Segment Start: Records for this exercise
(* Let $(\tau_\Sigma,\mathbb{B}_\Sigma)_\Sigma$ be a family indexed by finite sets $\Sigma$ with at least two elements, where $\tau_\Sigma$ is a topology on $T_\Sigma^\omega$ and $\mathbb{B}_\Sigma$ a basis of $\tau_\Sigma$, satisfying: (P1) $\mathbb{B}_\Sigma$ contains every basic clopen set $N_t$, $t$ a finite $\Sigma$-labelled binary tree; (P2) $\mathbb{B}_\Sigma$ is closed under finite unions and intersections; (P3) if $\Gamma$ is a finite set with at least two elements and $L\in\mathbb{B}_{\Sigma\times\Gamma}$ then $\pi_0[L]\in\mathbb{B}_\Sigma$; (P4) for each $L\in\mathbb{B}_\Sigma$ there is $C\in\mathbb{B}_{\Sigma\times 2}$ with $C\subseteq T_\Sigma^\omega\times\mathbb{T}_\infty$, $C$ the intersection of a closed subset of $T_\Sigma^\omega\times T_2^\omega$ with $T_\Sigma^\omega\times\mathbb{T}_\infty$, and $L=\pi_0[C]$. Then every $\tau_\Sigma$ is strong Choquet.
   Context: $T_\Sigma^\omega$ is the set of functions $t:\{l,r\}^*\to\Sigma$ (infinite binary $\Sigma$-labelled trees) with the Cantor topology given by the distance $2^{-n}$, $n$ the least length of a node where two trees differ. A finite tree is a map $s:S\to\Sigma$ with $S\subseteq\{l,r\}^*$ finite and prefix-closed; $N_s$ is the set of $t\in T_\Sigma^\omega$ extending $s$. $T_{\Sigma\times\Gamma}^\omega$ is identified with $T_\Sigma^\omega\times T_\Gamma^\omega$ nodewise and $\pi_0$ is the first projection. A path of $t$ is the sequence of labels $t(u_0)t(u_1)\cdots$ along an infinite branch $u_0\sqsubset u_1\sqsubset\cdots$ with $u_0$ the root and each $u_{i+1}$ a child of $u_i$. $2=\{0,1\}$ and $\mathbb{T}_\infty$ is the set of $t\in T_2^\omega$ such that every path of $t$ contains infinitely many $1$'s. Strong Choquet: nonempty and Player 2 has a winning strategy in the strong Choquet game (Player 1 plays open $U_i\ni x_i$ with $U_i\subseteq V_{i-1}$, Player 2 plays open $V_i$ with $x_i\in V_i\subseteq U_i$, Player 2 wins if $\bigcap_iV_i\neq\emptyset$). *)

theory Defs
  imports "HOL-Analysis.Analysis"
begin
Segment End: Records for this exercise
Assigned task: The full set of entries should be transcribed exactly.

Result:
(* Let $(\tau_\Sigma,\mathbb{B}_\Sigma)_\Sigma$ be a family indexed by finite sets $\Sigma$ with at least two elements, where $\tau_\Sigma$ is a topology on $T_\Sigma^\omega$ and $\mathbb{B}_\Sigma$ a basis of $\tau_\Sigma$, satisfying: (P1) $\mathbb{B}_\Sigma$ contains every basic clopen set $N_t$, $t$ a finite $\Sigma$-labelled binary tree; (P2) $\mathbb{B}_\Sigma$ is closed under finite unions and intersections; (P3) if $\Gamma$ is a finite set with at least two elements and $L\in\mathbb{B}_{\Sigma\times\Gamma}$ then $\pi_0[L]\in\mathbb{B}_\Sigma$; (P4) for each $L\in\mathbb{B}_\Sigma$ there is $C\in\mathbb{B}_{\Sigma\times 2}$ with $C\subseteq T_\Sigma^\omega\times\mathbb{T}_\infty$, $C$ the intersection of a closed subset of $T_\Sigma^\omega\times T_2^\omega$ with $T_\Sigma^\omega\times\mathbb{T}_\infty$, and $L=\pi_0[C]$. Then every $\tau_\Sigma$ is strong Choquet.
   Context: $T_\Sigma^\omega$ is the set of functions $t:\{l,r\}^*\to\Sigma$ (infinite binary $\Sigma$-labelled trees) with the Cantor topology given by the distance $2^{-n}$, $n$ the least length of a node where two trees differ. A finite tree is a map $s:S\to\Sigma$ with $S\subseteq\{l,r\}^*$ finite and prefix-closed; $N_s$ is the set of $t\in T_\Sigma^\omega$ extending $s$. $T_{\Sigma\times\Gamma}^\omega$ is identified with $T_\Sigma^\omega\times T_\Gamma^\omega$ nodewise and $\pi_0$ is the first projection. A path of $t$ is the sequence of labels $t(u_0)t(u_1)\cdots$ along an infinite branch $u_0\sqsubset u_1\sqsubset\cdots$ with $u_0$ the root and each $u_{i+1}$ a child of $u_i$. $2=\{0,1\}$ and $\mathbb{T}_\infty$ is the set of $t\in T_2^\omega$ such that every path of $t$ contains infinitely many $1$'s. Strong Choquet: nonempty and Player 2 has a winning strategy in the strong Choquet game (Player 1 plays open $U_i\ni x_i$ with $U_i\subseteq V_{i-1}$, Player 2 plays open $V_i$ with $x_i\in V_i\subseteq U_i$, Player 2 wins if $\bigcap_iV_i\neq\emptyset$). *)

theory Defs
  imports "HOL-Analysis.Analysis"
begin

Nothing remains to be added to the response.